When buying a home, it is absolutely essential to know exactly what you can afford and to buy only within your means.  In fact, had many homeowners bought within their means several years ago when it was very easy to obtain a mortgage, we might not have millions of people facing foreclosure and short sales nowadays.

Looking Beyond Your House Payment

It is critical for homeowners or prospective buyers to consider what they can afford before shopping for a new home.  A visit to the Realtor of your choice will help guide you in terms of matching the homes that fit your requirements with the budget you have in mind.
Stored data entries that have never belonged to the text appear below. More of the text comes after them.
text \<open>
  Write \<open>\<langle>q\<rangle>\<close> for \<open>\<integral> q w\<close> and \<open>D\<^sub>j(a,b) = \<langle>x\<^sup>j P\<^sub>a P\<^sub>b\<rangle>\<close>, so that
  \<open>(L\<^sup>j)\<^sub>a\<^sub>b = D\<^sub>j(a,b)/h\<^sub>b\<close>. Multiplying by \<open>x\<close> and using the three-term recurrence on
  either factor gives \<open>D\<^sub>j\<^sub>+\<^sub>1(a,b) = D\<^sub>j(a+1,b) + r\<^sub>a D\<^sub>j(a-1,b)\<close>; with orthogonality this yields
  \<open>h\<^sub>n\<^sub>+\<^sub>1 = r\<^sub>n\<^sub>+\<^sub>1 h\<^sub>n\<close> and the two relations
  \<open>(L\<^sup>j\<^sup>+\<^sup>1)\<^sub>n\<^sub>+\<^sub>1\<^sub>,\<^sub>n - (L\<^sup>j\<^sup>+\<^sup>1)\<^sub>n\<^sub>,\<^sub>n\<^sub>-\<^sub>1 = r\<^sub>n\<^sub>+\<^sub>1 (L\<^sup>j)\<^sub>n\<^sub>+\<^sub>1\<^sub>,\<^sub>n\<^sub>+\<^sub>1 - r\<^sub>n (L\<^sup>j)\<^sub>n\<^sub>-\<^sub>1\<^sub>,\<^sub>n\<^sub>-\<^sub>1\<close> and
  \<open>(L\<^sup>j\<^sup>+\<^sup>1)\<^sub>n\<^sub>,\<^sub>n = (L\<^sup>j)\<^sub>n\<^sub>+\<^sub>1\<^sub>,\<^sub>n + (L\<^sup>j)\<^sub>n\<^sub>,\<^sub>n\<^sub>-\<^sub>1\<close>. Combining them for odd powers is the
  first identity coefficientwise. The second identity is a first integral of the first one:
  the difference of its two sides at \<open>n+1\<close> and at \<open>n\<close> is \<open>(U\<^sub>n + U\<^sub>n\<^sub>+\<^sub>1)\<close> times the first
  identity, and at \<open>n = 0\<close> both sides vanish.
\<close>

lemma telescoped_product_identity:
  fixes U c :: "nat \<Rightarrow> 'a::comm_ring_1" and l :: 'a
  assumes step: "\<And>n. l * (U (Suc n) - U n) = c (Suc n) * (U (n + 2) + U (Suc n)) - c n * (U n + U (n - 1))"
    and "c 0 = 0" and "U 0 = 1"
  shows "c n * (U n + U (n - 1)) * (U n + U (Suc n)) = l * ((U n)\<^sup>2 - 1)"
proof (induction n)
  case 0
  then show ?case using assms(2,3) by simp
next
  case (Suc m)
  have "c (Suc m) * (U (Suc m) + U m) * (U (Suc m) + U (m + 2)) - l * ((U (Suc m))\<^sup>2 - 1)
     = (c m * (U m + U (m - 1)) * (U m + U (Suc m)) - l * ((U m)\<^sup>2 - 1))
       + (U m + U (Suc m)) * ((c (Suc m) * (U (m + 2) + U (Suc m)) - c m * (U m + U (m - 1)))
           - l * (U (Suc m) - U m))"
    by (simp add: algebra_simps power2_eq_square)
  also have "\<dots> = 0"
    unfolding Suc.IH step[of m] by simp
  finally show ?case
    by simp
qed

lemma fls_X_inv_times_X: "fls_X_inv * (fls_X :: 'a::field fls) = 1"
  by (metis fls_X_inv_nonzero fls_inverse_X_inv right_inverse)

locale monic_orthogonal_polys =
  fixes w :: "real \<Rightarrow> real" and P :: "nat \<Rightarrow> real poly" and r :: "nat \<Rightarrow> real"
  assumes weight_nonneg: "\<And>x. w x \<ge> 0"
    and weight_measurable: "w \<in> borel_measurable borel"
    and monic: "\<And>k. degree (P k) = k \<and> lead_coeff (P k) = 1"
    and orthogonal: "\<And>k l. k \<noteq> l \<Longrightarrow> (\<integral>x. poly (P k) x * poly (P l) x * w x \<partial>lborel) = 0"
    and norm_pos: "\<And>k. (\<integral>x. poly (P k) x * poly (P k) x * w x \<partial>lborel) > 0"
    and recurrence: "\<And>m. [:0, 1:] * P m = P (Suc m) + smult (r m) (if m = 0 then 0 else P (m - 1))"
    and r_0: "r 0 = 0"
begin

lemma P_0: "P 0 = 1"
  using monic[of 0] by (metis degree_0_id one_pCons)

lemma P_nonzero: "P k \<noteq> 0"
  using monic[of k] by auto

lemma recurrence': "[:0, 1:] * P m = P (Suc m) + smult (r m) (P (m - 1))"
  using recurrence[of m] r_0 by (cases m) auto

lemma measurable_poly_weight: "(\<lambda>x. poly q x * w x) \<in> borel_measurable lborel"
  unfolding measurable_lborel2
  by (intro borel_measurable_times borel_measurable_continuous_onI continuous_intros weight_measurable)

text \<open>A non-integrable function has integral \<open>0\<close>, so \<open>h\<^sub>k > 0\<close> already forces integrability;
  no growth condition on the weight is needed.\<close>
lemma integrable_square: "integrable lborel (\<lambda>x. poly (P k) x * poly (P k) x * w x)"
  using norm_pos[of k] not_integrable_integral_eq by fastforce

lemma integrable_product: "integrable lborel (\<lambda>x. poly (P a * P b) x * w x)"
proof (rule Bochner_Integration.integrable_bound)
  show "integrable lborel (\<lambda>x. poly (P a) x * poly (P a) x * w x + poly (P b) x * poly (P b) x * w x)"
    using integrable_square by (intro Bochner_Integration.integrable_add)
  show "AE x in lborel. norm (poly (P a * P b) x * w x)
      \<le> norm (poly (P a) x * poly (P a) x * w x + poly (P b) x * poly (P b) x * w x)"
  proof (rule AE_I2)
    fix x
    define u v where "u = poly (P a) x" and "v = poly (P b) x"
    have "2 * \<bar>u\<bar> * \<bar>v\<bar> \<le> u * u + v * v"
      using sum_squares_bound[of "\<bar>u\<bar>" "\<bar>v\<bar>"] by (simp add: power2_eq_square)
    moreover have "0 \<le> \<bar>u\<bar> * \<bar>v\<bar>"
      by simp
    ultimately have "\<bar>u * v\<bar> \<le> u * u + v * v"
      unfolding abs_mult by linarith
    then have "\<bar>u * v\<bar> * w x \<le> (u * u + v * v) * w x"
      using weight_nonneg by (intro mult_right_mono) auto
    then show "norm (poly (P a * P b) x * w x)
      \<le> norm (poly (P a) x * poly (P a) x * w x + poly (P b) x * poly (P b) x * w x)"
      using weight_nonneg[of x]
      by (simp add: u_def[symmetric] v_def[symmetric] abs_mult distrib_right)
  qed
qed (rule measurable_poly_weight)

text \<open>Peel off the leading term with the monic product \<open>P\<^sub>a P\<^sub>b\<close>, \<open>a + b = deg q\<close>.\<close>
lemma integrable_poly_weight: "integrable lborel (\<lambda>x. poly q x * w x)"
proof -
  have "integrable lborel (\<lambda>x. poly q x * w x)" if "degree q \<le> d" for d q
    using that
  proof (induction d arbitrary: q)
    case 0
    define c where "c = coeff q 0"
    have "q = [:c:]"
      using 0 by (simp add: c_def degree_0_id)
    moreover have "integrable lborel (\<lambda>x. c * (poly (P 0 * P 0) x * w x))"
      using integrable_product by (rule integrable_mult_right)
    ultimately show ?case
      by (simp add: P_0)
  next
    case (Suc d)
    define a b where "a = Suc d - Suc d div 2" and "b = Suc d div 2"
    define c where "c = coeff q (Suc d)"
    have degree_ab: "degree (P a * P b) = Suc d"
      by (simp add: degree_mult_eq P_nonzero monic a_def b_def)
    have coeff_ab: "coeff (P a * P b) (Suc d) = 1"
      by (metis degree_ab lead_coeff_mult monic mult_1)
    define q' where "q' = q - smult c (P a * P b)"
    have "degree q' \<le> d"
    proof (rule degree_le, intro allI impI)
      fix i assume "d < i"
      then consider "i = Suc d" | "i > Suc d" by linarith
      then show "coeff q' i = 0"
        by cases (use Suc.prems degree_ab in \<open>auto simp: q'_def c_def coeff_ab coeff_eq_0\<close>)
    qed
    then have "integrable lborel (\<lambda>x. poly q' x * w x + c * (poly (P a * P b) x * w x))"
      using Suc.IH integrable_product by (intro Bochner_Integration.integrable_add integrable_mult_right)
    moreover have "q = q' + smult c (P a * P b)"
      by (simp add: q'_def)
    ultimately show ?case
      by (simp add: algebra_simps)
  qed
  then show ?thesis
    by blast
qed

definition moment :: "real poly \<Rightarrow> real" where
  "moment q = (\<integral>x. poly q x * w x \<partial>lborel)"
Keep in mind that aside from the actual house payment, owning a home entails homeowners insurance, maintenance costs, housing taxes, utilities and monthly private mortgage insurance for those who do not have enough for a 20% down payment.  This can add up significantly and though it may look on paper like the monthly payment is the same as if you were to be renting, the truth is the costs can be much higher than renting.
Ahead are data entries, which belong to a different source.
lemma path_subtree_interval:
  assumes "(A, F) \<in> subtrees {0..<n} (path_edges n)" "A \<noteq> {}"
  shows "A = {Min A..Max A}" "F = {{j, Suc j} | j. Min A \<le> j \<and> j < Max A}"
proof -
  have T: "simple_graph A F" "connected_graph A F" "F \<subseteq> path_edges n"
    using assms unfolding subtrees_def is_tree_def by auto
  have "finite A"
    using T(1) unfolding simple_graph_def by blast
  then have ends: "Min A \<in> A" "Max A \<in> A"
    using assms(2) by simp_all
  have edge: "{j, Suc j} \<in> F" if "Min A \<le> j" "j < Max A" for j
  proof -
    have "(Min A, Max A) \<in> (adj_rel F)\<^sup>*"
      using T(2) ends unfolding connected_graph_def by blast
    moreover have "Min A \<in> {..j}" "Max A \<notin> {..j}"
      using that by auto
    ultimately obtain x y where "(x, y) \<in> adj_rel F" "x \<in> {..j}" "y \<notin> {..j}"
      by (rule rtrancl_boundary_edge)
    then have xy: "{x, y} \<in> F" "x \<le> j" "j < y"
      by (simp_all add: adj_rel_def)
    then have "y = Suc x \<or> x = Suc y"
      using T(3) path_edges_Suc by blast
    with xy(2,3) have "x = j" "y = Suc j"
      by auto
    with xy(1) show ?thesis
      by simp
  qed
  show A_eq: "A = {Min A..Max A}"
  proof
    show "A \<subseteq> {Min A..Max A}"
      using \<open>finite A\<close> by auto
    show "{Min A..Max A} \<subseteq> A"
    proof
      fix j assume j: "j \<in> {Min A..Max A}"
      show "j \<in> A"
      proof (cases "j = Max A")
        case False
        with j have "{j, Suc j} \<in> F"
          by (intro edge) auto
        then show ?thesis
          by (rule simple_graph_edgeD(1)[OF T(1)])
      qed (use ends in simp)
    qed
  qed
  show "F = {{j, Suc j} | j. Min A \<le> j \<and> j < Max A}"
  proof
    show "F \<subseteq> {{j, Suc j} | j. Min A \<le> j \<and> j < Max A}"
    proof
      fix e assume "e \<in> F"
      then obtain j where j: "e = {j, Suc j}"
        using T(3) unfolding path_edges_def by auto
      with \<open>e \<in> F\<close> have "j \<in> A" "Suc j \<in> A"
        using simple_graph_edgeD[OF T(1)] by blast+
      then have "Min A \<le> j" "j < Max A"
        using A_eq by (metis atLeastAtMost_iff Suc_le_eq)+
      with j show "e \<in> {{j, Suc j} | j. Min A \<le> j \<and> j < Max A}"
        by blast
    qed
    show "{{j, Suc j} | j. Min A \<le> j \<and> j < Max A} \<subseteq> F"
      using edge by blast
  qed
qed

lemma nk_path_end_le_1:
  assumes "\<nu> = 0 \<or> \<nu> = n - 1"
  shows "nk k \<nu> {0..<n} (path_edges n) \<le> 1"
proof -
  let ?P = "{(A, F) \<in> subtrees {0..<n} (path_edges n). card A = k \<and> \<nu> \<in> A}"
  have ends: "Min A = (if \<nu> = 0 then 0 else n - k) \<and> Max A = (if \<nu> = 0 then k - 1 else n - 1)"
    if "(A, F) \<in> ?P" for A F
  proof -
    have A: "(A, F) \<in> subtrees {0..<n} (path_edges n)" "card A = k" "\<nu> \<in> A" "A \<subseteq> {0..<n}"
      using that unfolding subtrees_def by auto
    then have "A \<noteq> {}" "finite A"
      using finite_subset by auto
    then have "Max A \<in> A" "A = {Min A..Max A}"
      using path_subtree_interval(1)[OF A(1)] by simp_all
    with A(2-4) have "Min A \<le> \<nu>" "\<nu> \<le> Max A" "Max A < n" "Suc (Max A) - Min A = k"
      by (metis atLeastAtMost_iff, metis atLeastAtMost_iff, auto, metis card_atLeastAtMost)
    with assms show ?thesis
      by auto
  qed
  have unique: "(A1, F1) = (A2, F2)" if "(A1, F1) \<in> ?P" "(A2, F2) \<in> ?P" for A1 F1 A2 F2
  proof -
    have "A1 \<noteq> {}" "A2 \<noteq> {}"
      using that by auto
    then have "A1 = {Min A1..Max A1}" "F1 = {{j, Suc j} | j. Min A1 \<le> j \<and> j < Max A1}"
      "A2 = {Min A2..Max A2}" "F2 = {{j, Suc j} | j. Min A2 \<le> j \<and> j < Max A2}"
      using that path_subtree_interval by blast+
    moreover have "Min A1 = Min A2" "Max A1 = Max A2"
      using ends[OF that(1)] ends[OF that(2)] by simp_all
    ultimately show ?thesis
      by simp
  qed
  have "p = q" if "p \<in> ?P" "q \<in> ?P" for p q
  proof -
    from that have "(fst p, snd p) \<in> ?P" "(fst q, snd q) \<in> ?P"
      by (simp_all only: prod.collapse)
    then have "(fst p, snd p) = (fst q, snd q)"
      by (rule unique)
    then show ?thesis
      by simp
  qed
  moreover have "finite (subtrees {0..<n} (path_edges n))"
    by (rule finite_subtrees) (auto simp: path_edges_def)
  then have "finite ?P"
    by (rule finite_subset[rotated]) auto
  ultimately show ?thesis
    unfolding nk_def by (simp add: card_le_Suc0_iff_eq)
qed

theorem lemma2:
  fixes n :: nat and V :: "'a set" and E :: "'a set set" and v :: 'a and \<nu> k :: nat
  assumes "0 < n"
    and "is_tree V E" and "card V = n" and "v \<in> V"
    and "\<nu> = 0 \<or> \<nu> = n - 1"
  shows "nk k (0::nat) {0..<n} (star_edges n) \<ge> nk k v V E \<and>
         nk k v V E \<ge> nk k \<nu> {0..<n} (path_edges n)"
proof
  have "finite V" "\<not> has_cycle V E"
    using assms(2) unfolding is_tree_def simple_graph_def by auto
  then have "nk k v V E \<le> card {S. S \<subseteq> V \<and> card S = k \<and> v \<in> S}"
    by (rule nk_le_card_subsets[rotated])
  also have "\<dots> = card {S. S \<subseteq> {0..<n} \<and> card S = k \<and> 0 \<in> S}"
    using assms(1,3,4) \<open>finite V\<close> by (simp add: card_subsets_containing)
  also have "\<dots> \<le> nk k (0::nat) {0..<n} (star_edges n)"
    by (rule card_subsets_le_nk_star)
  finally show "nk k (0::nat) {0..<n} (star_edges n) \<ge> nk k v V E" .
  show "nk k v V E \<ge> nk k \<nu> {0..<n} (path_edges n)"
  proof (cases "1 \<le> k \<and> k \<le> n")
    case True
    then have "0 < nk k v V E"
      using assms(3) by (intro nk_pos[OF assms(2,4)]) auto
    moreover have "nk k \<nu> {0..<n} (path_edges n) \<le> 1"
      using assms(5) by (rule nk_path_end_le_1)
    ultimately show ?thesis
      by simp
  next
    case False
    then have "nk k \<nu> {0..<n} (path_edges n) = 0"
      by (intro nk_eq_0) auto
    then show ?thesis
      by simp
  qed
qed

end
Know Where Your Credit Stands

With the heavy regulations and guidelines placed on lenders these days, banks are even more careful about handing out loans to applicants who have borderline credit ratings.  It is very important for you, as a consumer, to know and understand your credit rating.  Nowadays, for an FHA loan, banks require a minimum FICO score of at least 620 to even accept an application.  Conventional loans have an even greater minimum credit score requirement.  If your credit suffers from some damage, be sure to actively repair it before applying for a mortgage so that the chances of approval are greater.

Bring Income-to-Debt Ratio To a Good Level

The amount you earn versus the amount you owe and the corresponding ratio is called the Income-to-Debt ratio.  Banks expect that you should owe no more than about 28 to 30 percent of your income.  The types of debt they take into consideration here are student or personal loans, credit card debt or other monthly payouts such as car payments.  Here is a calculator to help determine your current ratio.
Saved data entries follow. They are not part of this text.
lemma integrable_char_div_integrand:
  assumes "\<bar>\<sigma>\<bar> \<le> 1" "inS1 x1 x2 \<delta> M f" "(\<eta>, \<xi>) \<in> Dom x1 x2 \<delta>"
  shows "(\<lambda>s. f (char_path \<sigma> \<eta> \<xi> (\<xi> * s)) (\<xi> * s) / s) integrable_on {0..1}"
proof -
  have "continuous_on (Dom x1 x2 \<delta> \<times> {0..1}) (\<lambda>(q, s). f (char_path \<sigma> (fst q) (snd q) (snd q * s)) (snd q * s) / s)"
    using continuous_on_char_quotient[OF assms(1) inS1_continuous_on[OF assms(2)], where M = M]
      inS1_bound[OF assms(2)] by simp
  from continuous_on_section[OF this assms(3)] show ?thesis
    by (simp add: integrable_continuous_real)
qed

lemma integrable_char_pow_integrand:
  assumes "\<bar>\<sigma>\<bar> \<le> 1" "continuous_on {x1..x2} a" "(\<eta>, \<xi>) \<in> Dom x1 x2 \<delta>"
  shows "(\<lambda>s. \<xi>^(n + 1) * s^n * a (char_path \<sigma> \<eta> \<xi> (\<xi> * s))) integrable_on {0..1}"
proof -
  have "continuous_on (Dom x1 x2 \<delta> \<times> {0..1}) (\<lambda>(q, s). a (char_path \<sigma> (fst q) (snd q) (snd q * s)))"
    by (rule continuous_on_along_char_real[OF assms(2) char_path_in_interval[OF assms(1)]])
  from continuous_on_section[OF this assms(3)] show ?thesis
    by (intro integrable_continuous_real continuous_intros) simp
qed

lemma has_derivative_char_div_integrand:
  assumes "\<bar>\<sigma>\<bar> \<le> 1" "q \<in> Dom x1 x2 \<delta>" "s \<in> {0..1}"
    and der: "\<And>p. p \<in> Dom x1 x2 \<delta> \<Longrightarrow> ((\<lambda>q. f (fst q) (snd q)) has_derivative
        (\<lambda>h. fx p * fst h + ft p * snd h)) (at p within Dom x1 x2 \<delta>)"
    and vanish: "\<And>x. (x, 0) \<in> Dom x1 x2 \<delta> \<Longrightarrow> ft (x, 0) = 0"
  defines "P \<equiv> (char_path \<sigma> (fst q) (snd q) (snd q * s), snd q * s)"
  shows "((\<lambda>q. f (char_path \<sigma> (fst q) (snd q) (snd q * s)) (snd q * s) / s) has_derivative
    (\<lambda>h. fx P / s * fst h + (2 * \<sigma> * (snd q)^2 * (s^3 - 1) * (fx P / s) + ft P) * snd h))
    (at q within Dom x1 x2 \<delta>)"
proof (cases "s = 0")
  case True
  \<comment> \<open>the integrand and fx P / s are 0 (division by zero), and ft P = 0 by (P1)\<close>
  with vanish char_point_in_Dom[OF assms(1-3)] have "ft P = 0"
    by (auto simp: P_def)
  with True show ?thesis by simp
next
  case False
  have "((\<lambda>q. f (char_path \<sigma> (fst q) (snd q) (snd q * s)) (snd q * s)) has_derivative
      (\<lambda>h. fx P * (fst h + 2 * \<sigma> * (snd q)^2 * (s^3 - 1) * snd h) + ft P * (s * snd h)))
      (at q within Dom x1 x2 \<delta>)"
    unfolding P_def using has_derivative_along_char[OF der char_point_in_Dom[OF assms(1) _ assms(3)] assms(2)] .
  from has_derivative_mult_right[OF this, of "1 / s"] False show ?thesis
    by (simp add: algebra_simps has_derivative_eq_rhs fun_eq_iff)
qed

lemma inS1_char_div_integral:
  assumes "\<bar>\<sigma>\<bar> \<le> 1" "inS1 x1 x2 \<delta> M f"
  shows "inS1 x1 x2 \<delta> (M / 2) (char_div_integral \<sigma> f)"
  using assms(2)
proof (cases rule: inS1E)
  case (partials fx ft)
  let ?D = "Dom x1 x2 \<delta>"
  define P where "P q s = (char_path \<sigma> (fst q) (snd q) (snd q * s), snd q * s)" for q s
  define d where "d q s = 2 * \<sigma> * (snd q)^2 * (s^3 - 1)" for q :: "real \<times> real" and s :: real
  define A where "A q s = fx (P q s) / s" for q s
  have P_in: "P q s \<in> ?D" if "q \<in> ?D" "s \<in> {0..1}" for q s
    unfolding P_def using char_point_in_Dom[OF assms(1) that] .
  have P_vanish: "P (x, 0) s = (x, 0)" for x s
    by (simp add: P_def char_path_def)
  have "inS1 x1 x2 \<delta> (M / 2) (\<lambda>\<eta> \<xi>. integral {0..1} ((\<lambda>q s. f (fst (P q s)) (snd (P q s)) / s) (\<eta>, \<xi>)))"
  proof (rule inS1_integral_param[where A = A and B = "\<lambda>q s. d q s * A q s + ft (P q s)"])
    fix q and s :: real assume "q \<in> ?D" "s \<in> {0..1}"
    from has_derivative_char_div_integrand[OF assms(1) this partials(3)] partials(4)
    show "((\<lambda>q. f (fst (P q s)) (snd (P q s)) / s) has_derivative
        (\<lambda>h. A q s * fst h + (d q s * A q s + ft (P q s)) * snd h)) (at q within ?D)"
      by (simp add: P_def A_def d_def)
  next
    show "continuous_on (?D \<times> {0..1}) (\<lambda>(q, s). f (fst (P q s)) (snd (P q s)) / s)"
      using continuous_on_char_quotient[OF assms(1) inS1_continuous_on[OF assms(2)], where M = M] partials(5)
      by (simp add: P_def)
    show cont_A: "continuous_on (?D \<times> {0..1}) (\<lambda>(q, s). A q s)"
      using continuous_on_char_quotient[OF assms(1) partials(1,6)] by (simp add: P_def A_def)
    show "continuous_on (?D \<times> {0..1}) (\<lambda>(q, s). d q s * A q s + ft (P q s))"
      using cont_A continuous_on_along_char[OF partials(2) char_point_in_Dom[OF assms(1)]]
      unfolding split_beta' d_def P_def by (intro continuous_intros) auto
  next
    fix x and s :: real assume "(x, 0) \<in> ?D"
    then show "f (fst (P (x, 0) s)) (snd (P (x, 0) s)) / s = 0 \<and> d (x, 0) s * A (x, 0) s + ft (P (x, 0) s) = 0"
      using partials(4) by (simp add: P_vanish d_def)
  next
    fix x t and s :: real assume xt: "(x, t) \<in> ?D" and s: "s \<in> {0..1}"
    have f_bound: "\<bar>f (fst (P (x, t) s)) (snd (P (x, t) s))\<bar> \<le> M * t^2 * s^2"
      and fx_bound: "\<bar>fx (P (x, t) s)\<bar> \<le> M * t^2 * s^2"
      using partials(5)[of "fst (P (x, t) s)" "snd (P (x, t) s)"] partials(6)[of "fst (P (x, t) s)" "snd (P (x, t) s)"]
        P_in[OF xt s] by (simp_all add: P_def power_mult_distrib mult.assoc)
    with s show "\<bar>f (fst (P (x, t) s)) (snd (P (x, t) s)) / s\<bar> \<le> M * t^2 * s"
      "\<bar>A (x, t) s\<bar> \<le> M * t^2 * s"
      using abs_divide_le_of_le_sq[OF f_bound] abs_divide_le_of_le_sq[OF fx_bound] by (simp_all add: A_def)
  next
    fix x y t and s :: real assume xt: "(x, t) \<in> ?D" and yt: "(y, t) \<in> ?D" and s: "s \<in> {0..1}"
    have "fst (P (x, t) s) - fst (P (y, t) s) = x - y"
      by (simp add: P_def char_path_def)
    then have lip: "\<bar>fx (P (x, t) s) - fx (P (y, t) s)\<bar> \<le> M * t^2 * \<bar>x - y\<bar> * s^2"
      using partials(7)[of "fst (P (x, t) s)" "t * s" "fst (P (y, t) s)"] P_in[OF xt s] P_in[OF yt s]
      by (simp add: P_def power_mult_distrib mult_ac)
    show "\<bar>A (x, t) s - A (y, t) s\<bar> \<le> M * t^2 * \<bar>x - y\<bar> * s"
      using abs_divide_le_of_le_sq[OF lip] s by (simp add: A_def diff_divide_distrib[symmetric])
  qed
  then show ?thesis
    by (simp add: P_def char_div_integral_def[abs_def])
qed

lemma has_derivative_char_pow_integrand:
  assumes "1 \<le> n" "q \<in> D"
    and der: "\<And>x. x \<in> I \<Longrightarrow> (a has_real_derivative a' x) (at x within I)"
    and into: "\<And>q. q \<in> D \<Longrightarrow> char_path \<sigma> (fst q) (snd q) (snd q * s) \<in> I"
  defines "X \<equiv> char_path \<sigma> (fst q) (snd q) (snd q * s)"
  shows "((\<lambda>q. (snd q)^(n + 1) * s^n * a (char_path \<sigma> (fst q) (snd q) (snd q * s))) has_derivative
    (\<lambda>h. (snd q)^(n + 1) * s^n * a' X * fst h
      + ((snd q)^(n + 1) * s^n * a' X * (2 * \<sigma> * (snd q)^2 * (s^3 - 1)) + (real n + 1) * (snd q)^n * s^n * a X)
        * snd h)) (at q within D)"
proof -
  have "snd q * snd q ^ (n - 1) = snd q ^ n"
    using assms(1) by (simp flip: power_Suc)
  then show ?thesis
    unfolding X_def
    by (intro has_derivative_eq_rhs[OF has_derivative_mult[OF _ has_derivative_along_char_real[OF der into assms(2)]]])
       (auto intro!: derivative_eq_intros simp: fun_eq_iff algebra_simps)
qed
Don’t Forget the Initial Cost to Buy the Home

Too many prospective homebuyers forget to factor in the expenses needed to actually purchase their home.  From paying for home inspections, appraisals, closing costs and down payments, to lending fees, documentation fees plus the real estate agent commission, things can add up fairly quickly.  Unless you have the amount needed to get through the transaction using cash on hand, it may be useful to reconsider the purchase until you do have the funds available.

Moving and Set-Up Costs Often Get Left Out of the Equation

After all is said and done, there is the cost to move into the home.  Depending on where you are moving from these costs can get pretty high.  For some homeowners, the need for additional furniture, more household items, expenses to repair or renovate some areas of the new home and of course the cost of moving – wipes out their entire savings.  Be sure to incorporate the cost of the move-in stage into the overall equation when deciding how much you can afford.
At the end of the day, you will need to be able to afford all costs in order to get into the house and then all expenses needed to be able to maintain living in the home.  As long as you can comfortably afford it, plus other expenses of life, you can safely go ahead and sign that dotted line.